The graph below presents the internal WinRAR benchmark numbers. In this benchmark, the program takes compresses / decompresses random data in the RAM. This is a test of the CPU power as well as the DRAM capabilities.

WinRAR Internal Benchmark

TrueCrypt Benchmark
 
As businesses (and even home consumers) become more security conscious, the importance of encryption can't be overstated. CPUs supporting the AES-NI instruction for accelerating the encryption and decryption processes have, till now, been the higher end SKUs. However, with Bay Trail, even the lowly Atom series has gained support for AES-NI. Both the i5-4250U and the i7-4770R have AES-NI instructions support. The TrueCrypt internal benchmark provides some interesting cryptography-related numbers to ponder. In the graph below, we can get an idea of how fast a TrueCrypt volume would behave in the two different systems.

TrueCrypt Benchmarking

Agisoft PhotoScan
 
Agisoft PhotoScan is a commercial program that converts 2D images into 3D point maps, meshes and textures. The program designers sent us a command line version in order to evaluate the efficiency of various systems that go under our review scanner. The command line version has two benchmark modes, one using the CPU and the other using both the CPU and GPU (via OpenCL).

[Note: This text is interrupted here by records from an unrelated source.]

(* Let $T>0$ and let $\mathcal F(t,r)$ be continuous on $[0,T]\times(0,\infty)$ with $|\mathcal F(t,r)|\le\frac{C\varepsilon^2}{1+r^2+t^2}$. There is $c>0$ such that for any $\delta\in(0,1)$ with $\varepsilon\le c\delta^2$ and any fixed $\ell>0$: if $(\theta(t),a(t))$, $t\in[0,T]$, $a(t)>0$, solves $\dot\theta=-\lambda\mathcal F(t,\tilde R)\partial_a\tilde R$, $\dot a=\lambda\mathcal F(t,\tilde R)\partial_\theta\tilde R$ with $\tilde R=R(\theta+at,a,\ell)$ and $(\theta(0),a(0),\ell)\in\mathcal D(\delta)$, then $(\theta(t),a(t),\ell)\in\mathcal D(\delta/2)$ for all $t\in[0,T]$.
   Context: Fix $m>0$, $\lambda>0$. For $a,\ell>0$: $\kappa=(1+4a^2\ell/m^2)^{-1/2}$, $p=\frac{m}{2a^2\kappa}$; $G_\kappa(x)=\sqrt{x^2-1}-\kappa\ln(x+\sqrt{x^2-1})$ on $[1,\infty)$, $H_\kappa=G_\kappa^{-1}$; $R(\theta,a,\ell)=pH_\kappa(|\theta|/p)-p\kappa$; $\partial_\theta\tilde R,\partial_a\tilde R$ are the partial derivatives of $(\theta,a)\mapsto R(\theta+at,a,\ell)$. $\mathcal D(\delta)=\{(\theta,a,\ell)\in\mathbb R\times(0,\infty)^2: a\langle\ell\rangle^{1/2}\ge\delta\}$, $\langle x\rangle=(2+|x|^2)^{1/2}$. *)

theory Defs
  imports "HOL-Analysis.Analysis"
begin

definition kappa :: "real \<Rightarrow> real \<Rightarrow> real \<Rightarrow> real" where
  "kappa m a l = 1 / sqrt (1 + 4 * a\<^sup>2 * l / m\<^sup>2)"

definition pp :: "real \<Rightarrow> real \<Rightarrow> real \<Rightarrow> real" where
  "pp m a l = m / (2 * a\<^sup>2 * kappa m a l)"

The benchmark takes around 50 photographs and does four stages of computation:
 
Stage 1: Align Photographs
Stage 2: Build Point Cloud (capable of OpenCL acceleration)
Stage 3: Build Mesh
Stage 4: Build Textures
 
We record the time taken for each stage. Since various elements of the software are single threaded, others multithreaded, and some use GPUs, it is interesting to record the effects of CPU generations, speeds, number of cores, DRAM parameters and the GPU using this software.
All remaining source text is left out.